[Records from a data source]
definition angle_sin :: "nat \<Rightarrow> pt \<Rightarrow> real" where
  "angle_sin i x = metric_sign i * gN x (PN x (E i x)) (JN x (E i x))"

lemma angle_cos_eq: "x \<in> M \<Longrightarrow> i \<in> {1,2,3} \<Longrightarrow> angle_cos i x = cos (2 * \<theta> i x)"
  using gN_TM_JN_TM[OF _ E_TM E_TM] gN_E_E
  by (simp add: angle_cos_def PN_E JN_scaleR gN_algebra gN_sym metric_sign_def)

lemma angle_sin_eq: "x \<in> M \<Longrightarrow> i \<in> {1,2,3} \<Longrightarrow> angle_sin i x = sin (2 * \<theta> i x)"
  using gN_TM_JN_TM[OF _ E_TM E_TM] gN_E_E nonsingular
  by (simp add: angle_sin_def PN_E JN_scaleR gN_algebra gN_JN metric_sign_def)

lemma continuous_on_angle_cos: "i \<in> {1,2,3} \<Longrightarrow> continuous_on M (angle_cos i)"
proof -
  assume i: "i \<in> {1,2,3}"
  have "continuous_on M (\<lambda>x. metric_sign i * gL (Pg (lt x (E i x))) (lt x (E i x)))"
    by (intro continuous_intros continuous_on_gL continuous_on_lt_E[OF i]
        bounded_linear.continuous_on[OF bounded_linear_Pg])
  thus ?thesis by (rule continuous_on_eq) (simp add: angle_cos_def gN_def lt_PN nonsingular)
qed

lemma continuous_on_angle_sin: "i \<in> {1,2,3} \<Longrightarrow> continuous_on M (angle_sin i)"
proof -
  assume i: "i \<in> {1,2,3}"
  have "continuous_on M (\<lambda>x. metric_sign i * gL (Pg (lt x (E i x))) (Jg (lt x (E i x))))"
    by (intro continuous_intros continuous_on_gL continuous_on_lt_E[OF i]
        bounded_linear.continuous_on[OF bounded_linear_Pg] bounded_linear.continuous_on[OF bounded_linear_Jg])
  thus ?thesis by (rule continuous_on_eq) (simp add: angle_sin_def gN_def lt_PN lt_JN nonsingular)
qed

lemma permutes_frame_angle:
  assumes iso: "sl2_isometry a b c" and M: "phi a b c ` M \<subseteq> M"
    and perm: "permutes_frame (phi a b c) \<sigma> \<epsilon>" and q: "q \<in> M" and i: "i \<in> {1,2,3}"
  shows "angle_cos (\<sigma> i) (phi a b c q) = angle_cos i q \<and> angle_sin (\<sigma> i) (phi a b c q) = angle_sin i q"
proof -
  interpret sl2_isometry a b c by fact
  note \<epsilon> = permutes_frameD(2)[OF perm i]
  note E = permutes_frameD(4)[OF perm i q]
  have sign: "metric_sign (\<sigma> i) = metric_sign i" by (rule permutes_frame_metric_sign[OF iso M perm q i])
  have n: "nonsingular q" by (rule nonsingular[OF q])
  have "angle_cos (\<sigma> i) (\<phi> q) = metric_sign i * (\<epsilon> i * \<epsilon> i) * gN q (PN q (E i q)) (E i q)"
    unfolding angle_cos_def sign E using n by (simp add: PN_scaleR PN_image gN_image gN_scaleR_left gN_scaleR_right)
  moreover have "angle_sin (\<sigma> i) (\<phi> q) = metric_sign i * (\<epsilon> i * \<epsilon> i) * gN q (PN q (E i q)) (JN q (E i q))"
    unfolding angle_sin_def sign E using n
    by (simp add: PN_scaleR JN_scaleR PN_image JN_image gN_image gN_scaleR_left gN_scaleR_right)
  ultimately show ?thesis by (simp add: \<epsilon> angle_cos_def angle_sin_def)
qed

definition lt_E_deriv :: "nat \<Rightarrow> pt \<Rightarrow> pt \<Rightarrow> pt" where
  "lt_E_deriv j x v = lt_deriv x (E j x) (frechet_derivative (E j) (at x) v) v"

lemma has_derivative_lt_E:
  assumes x: "x \<in> M" and j: "j \<in> {1,2,3}"
  shows "((\<lambda>q. lt q (E j q)) has_derivative lt_E_deriv j x) (at x)"
proof -
  have "(E j has_derivative frechet_derivative (E j) (at x)) (at x)"
    using E_C1(2)[OF j] U(2) x frechet_derivative_works by blast
  from has_derivative_lt_field[OF nonsingular[OF x] this] show ?thesis
    unfolding lt_E_deriv_def .
qed

lemma LC_E:
  "x \<in> M \<Longrightarrow> j \<in> {1,2,3} \<Longrightarrow> LC x (E j) v = lmul x (lt_E_deriv j x v + Gam0 (lt x v) (lt x (E j x)))"
  by (simp add: LC_def frechet_derivative_at[OF has_derivative_lt_E, symmetric] Gam_eq_Gam0)

lemma has_vector_derivative_lt_E:
  assumes x: "x \<in> M" and j: "j \<in> {1,2,3}"
    and \<gamma>: "(\<gamma> has_vector_derivative v) (at 0)" "\<gamma> 0 = x"
  shows "((\<lambda>t. lt (\<gamma> t) (E j (\<gamma> t))) has_vector_derivative lt_E_deriv j x v) (at 0)"
  by (rule has_vector_derivative_comp_has_derivative[OF \<gamma>(1)]) (use has_derivative_lt_E[OF x j] \<gamma>(2) in simp)

lemma lt_E_deriv_galg:
  assumes x: "x \<in> M" and j: "j \<in> {1,2,3}" and v: "v \<in> TM M x"
  shows "lt_E_deriv j x v \<in> galg"
proof -
  obtain \<gamma> where \<gamma>: "\<gamma> 0 = x" "range \<gamma> \<subseteq> M" "(\<gamma> has_vector_derivative v) (at 0)"
    using v by (auto simp: TM_def)
  have d: "((\<lambda>t. lt (\<gamma> t) (E j (\<gamma> t))) has_vector_derivative lt_E_deriv j x v) (at 0)"
    by (rule has_vector_derivative_lt_E[OF x j \<gamma>(3,1)])
  have galg: "lt (\<gamma> t) (E j (\<gamma> t)) \<in> galg" for t
    using \<gamma>(2) lt_TM_galg E_TM j by blast
  have "tr (lt_E_deriv j x v) = 0"
    if tr: "bounded_linear tr" "\<And>u. u \<in> galg \<Longrightarrow> tr u = (0::real)" for tr
  proof -
    have "((\<lambda>t. tr (lt (\<gamma> t) (E j (\<gamma> t)))) has_vector_derivative tr (lt_E_deriv j x v)) (at 0)"
      by (rule bounded_linear.has_vector_derivative[OF tr(1) d])
    moreover have "((\<lambda>t. tr (lt (\<gamma> t) (E j (\<gamma> t)))) has_vector_derivative 0) (at 0)"
      using tr(2)[OF galg] by simp
    ultimately show ?thesis by (rule vector_derivative_unique_at)
  qed
  from this[OF bounded_linear_compose[OF bounded_linear_trace bounded_linear_fst]]
    this[OF bounded_linear_compose[OF bounded_linear_trace bounded_linear_snd]]
  show ?thesis by (simp add: galg_iff)
qed

lemma lt_LC_E:
  "x \<in> M \<Longrightarrow> j \<in> {1,2,3} \<Longrightarrow> lt x (LC x (E j) v) = lt_E_deriv j x v + Gam0 (lt x v) (lt x (E j x))"
  using nonsingular by (simp add: LC_E lt_lmul)

lemma lt_LC_E_galg:
  assumes "x \<in> M" "i \<in> {1,2,3}" "j \<in> {1,2,3}"
  shows "lt x (LC x (E j) (E i x)) \<in> galg"
  using lt_E_deriv_galg[OF assms(1,3) E_TM[OF assms(1,2)]] Gam0_galg
  by (simp add: lt_LC_E[OF assms(1,3)] galg_add)

lemma LC_E_scaleR:
  assumes "x \<in> M" "j \<in> {1,2,3}"
  shows "LC x (E j) (r *\<^sub>R v) = r *\<^sub>R LC x (E j) v"
  using has_derivative_linear[OF has_derivative_lt_E[OF assms]]
  by (simp add: LC_E[OF assms] linear_scale lt_lmul_algebra Gam0_scaleR_left scaleR_add_right)

text \<open>\<open>LC\<close> commutes with the isometry: both the derivative term and the Lie algebra term are
  \<open>Ad c\<close>-equivariant, and the signs \<open>\<epsilon>\<close> come out by linearity.\<close>
lemma permutes_frame_LC_E:
  assumes iso: "sl2_isometry a b c" and M: "phi a b c ` M \<subseteq> M"
    and perm: "permutes_frame (phi a b c) \<sigma> \<epsilon>"
    and x: "x \<in> M" and i: "i \<in> {1,2,3}" and j: "j \<in> {1,2,3}"
  shows "LC (phi a b c x) (E (\<sigma> j)) (E (\<sigma> i) (phi a b c x)) = (\<epsilon> i * \<epsilon> j) *\<^sub>R phi a b c (LC x (E j) (E i x))"
proof -
  interpret sl2_isometry a b c by fact
  note \<sigma>j = permutes_frameD[OF perm j]
  have \<phi>x: "\<phi> x \<in> M" using M x by blast
  have lt_E: "lt (\<phi> y) (E (\<sigma> j) (\<phi> y)) = \<epsilon> j *\<^sub>R Ad c (lt y (E j y))" if y: "y \<in> M" for y
    using nonsingular[OF y] by (simp add: \<sigma>j(4)[OF y] lt_scaleR lt_image)
  have deriv: "lt_E_deriv (\<sigma> j) (\<phi> x) (\<phi> v) = \<epsilon> j *\<^sub>R Ad c (lt_E_deriv j x v)" if v: "v \<in> TM M x" for v
  proof -
    obtain \<gamma> where \<gamma>: "\<gamma> 0 = x" "range \<gamma> \<subseteq> M" "(\<gamma> has_vector_derivative v) (at 0)"
      using v by (auto simp: TM_def)
    have "((\<lambda>t. lt (\<phi> (\<gamma> t)) (E (\<sigma> j) (\<phi> (\<gamma> t)))) has_vector_derivative
        lt_E_deriv (\<sigma> j) (\<phi> x) (\<phi> v)) (at 0)"
      using \<gamma> by (intro has_vector_derivative_lt_E[OF \<phi>x \<sigma>j(1)]
          bounded_linear.has_vector_derivative[OF bounded_linear_phi]) auto
    moreover have "(\<lambda>t. lt (\<phi> (\<gamma> t)) (E (\<sigma> j) (\<phi> (\<gamma> t)))) = (\<lambda>t. \<epsilon> j *\<^sub>R Ad c (lt (\<gamma> t) (E j (\<gamma> t))))"
      by (rule ext, rule lt_E) (use \<gamma>(2) in blast)
    ultimately have "((\<lambda>t. \<epsilon> j *\<^sub>R Ad c (lt (\<gamma> t) (E j (\<gamma> t)))) has_vector_derivative
        lt_E_deriv (\<sigma> j) (\<phi> x) (\<phi> v)) (at 0)"
      by simp
    moreover have "((\<lambda>t. \<epsilon> j *\<^sub>R Ad c (lt (\<gamma> t) (E j (\<gamma> t)))) has_vector_derivative
        \<epsilon> j *\<^sub>R Ad c (lt_E_deriv j x v)) (at 0)"
      by (intro bounded_linear.has_vector_derivative[OF
            bounded_linear_compose[OF bounded_linear_scaleR_right bounded_linear_Ad]]
          has_vector_derivative_lt_E[OF x j \<gamma>(3,1)])
    ultimately show ?thesis by (rule vector_derivative_unique_at)
  qed
  have LC_image: "LC (\<phi> x) (E (\<sigma> j)) (\<phi> v) = \<epsilon> j *\<^sub>R \<phi> (LC x (E j) v)" if v: "v \<in> TM M x" for v
  proof -
    have "LC (\<phi> x) (E (\<sigma> j)) (\<phi> v) = lmul (\<phi> x) (lt_E_deriv (\<sigma> j) (\<phi> x) (\<phi> v)
        + Gam0 (lt (\<phi> x) (\<phi> v)) (lt (\<phi> x) (E (\<sigma> j) (\<phi> x))))"
      by (rule LC_E[OF \<phi>x \<sigma>j(1)])
    also have "\<dots> = lmul (\<phi> x) (\<epsilon> j *\<^sub>R Ad c (lt_E_deriv j x v + Gam0 (lt x v) (lt x (E j x))))"
      using nonsingular[OF x] det_nonzero
      by (simp add: deriv[OF v] lt_E[OF x] lt_image Gam0_scaleR_right Gam0_Ad Ad_add Ad_scaleR
          scaleR_add_right)
    also have "\<dots> = \<epsilon> j *\<^sub>R \<phi> (LC x (E j) v)"
      by (simp add: lmul_scaleR lmul_image LC_E[OF x j] phi_scaleR)
    finally show ?thesis .
  qed
  have "E (\<sigma> i) (\<phi> x) = \<phi> (\<epsilon> i *\<^sub>R E i x)"
    using permutes_frameD(4)[OF perm i x] by (simp add: phi_scaleR)
  hence "LC (\<phi> x) (E (\<sigma> j)) (E (\<sigma> i) (\<phi> x)) = \<epsilon> j *\<^sub>R \<phi> (LC x (E j) (\<epsilon> i *\<^sub>R E i x))"
    using LC_image[OF TM_scaleR[OF E_TM[OF x i]]] by simp
  thus ?thesis by (simp add: LC_E_scaleR[OF x j] phi_scaleR)
qed
(* Let $(V_1,\dots,V_n)$ be an $n$-tuple of doubly non-commuting isometries on $H$, let $A=\{i_1,\dots,i_l\}\subseteq\{1,\dots,n\}$ be non-empty with $A^c=\{j_1,\dots,j_{n-l}\}$. Suppose $L$ is a subspace of $H_A$ invariant under $V_{j_1},\dots,V_{j_{n-l}}$ such that $H_A=\bigoplus_{k_{i_1},\dots,k_{i_l}\ge0}V_{i_1}^{k_{i_1}}\cdots V_{i_l}^{k_{i_l}}(L)$ as an orthogonal Hilbert direct sum. Then $L=W_A$.
   Context: Fix $n\ge1$ and $z_{ij}\in\mathbb T$ ($i\ne j$) with $z_{ji}=\overline{z_{ij}}$; $(V_1,\dots,V_n)$ is doubly non-commuting if the $V_i$ are isometries with $V_i^*V_j=\overline{z_{ij}}V_jV_i^*$ for $i\ne j$. For an isometry $S$: $H^{\mathrm{iso}}(S)=\bigoplus_{k\ge0}S^k(\ker S^* )$, $H^{\mathrm{uni}}(S)=\bigcap_{k\ge0}S^k(H)$. $H_A=\bigcap_{i\in A}H^{\mathrm{iso}}(V_i)\cap\bigcap_{i\in A^c}H^{\mathrm{uni}}(V_i)$ (intersection over empty index set $=H$). $W_A=\bigcap_{m_{j_1},\dots,m_{j_{n-l}}\ge0}V_{j_1}^{m_{j_1}}\cdots V_{j_{n-l}}^{m_{j_{n-l}}}\big(\bigcap_{i\in A}\ker V_i^*\big)$ (for $A=\{1,\dots,n\}$, $W_A=\bigcap_i\ker V_i^*$). Subspaces are closed. *)

theory Defs
  imports "HOL-Analysis.Analysis"
begin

Aim of the task » The line with "bounded_linear.continuous_on[OF bounded_linear_Pg])" marks the end; reproduce exactly every line from the start of the entries up to it, that line included.

Reply »
definition angle_sin :: "nat \<Rightarrow> pt \<Rightarrow> real" where
  "angle_sin i x = metric_sign i * gN x (PN x (E i x)) (JN x (E i x))"

lemma angle_cos_eq: "x \<in> M \<Longrightarrow> i \<in> {1,2,3} \<Longrightarrow> angle_cos i x = cos (2 * \<theta> i x)"
  using gN_TM_JN_TM[OF _ E_TM E_TM] gN_E_E
  by (simp add: angle_cos_def PN_E JN_scaleR gN_algebra gN_sym metric_sign_def)

lemma angle_sin_eq: "x \<in> M \<Longrightarrow> i \<in> {1,2,3} \<Longrightarrow> angle_sin i x = sin (2 * \<theta> i x)"
  using gN_TM_JN_TM[OF _ E_TM E_TM] gN_E_E nonsingular
  by (simp add: angle_sin_def PN_E JN_scaleR gN_algebra gN_JN metric_sign_def)

lemma continuous_on_angle_cos: "i \<in> {1,2,3} \<Longrightarrow> continuous_on M (angle_cos i)"
proof -
  assume i: "i \<in> {1,2,3}"
  have "continuous_on M (\<lambda>x. metric_sign i * gL (Pg (lt x (E i x))) (lt x (E i x)))"
    by (intro continuous_intros continuous_on_gL continuous_on_lt_E[OF i]
        bounded_linear.continuous_on[OF bounded_linear_Pg])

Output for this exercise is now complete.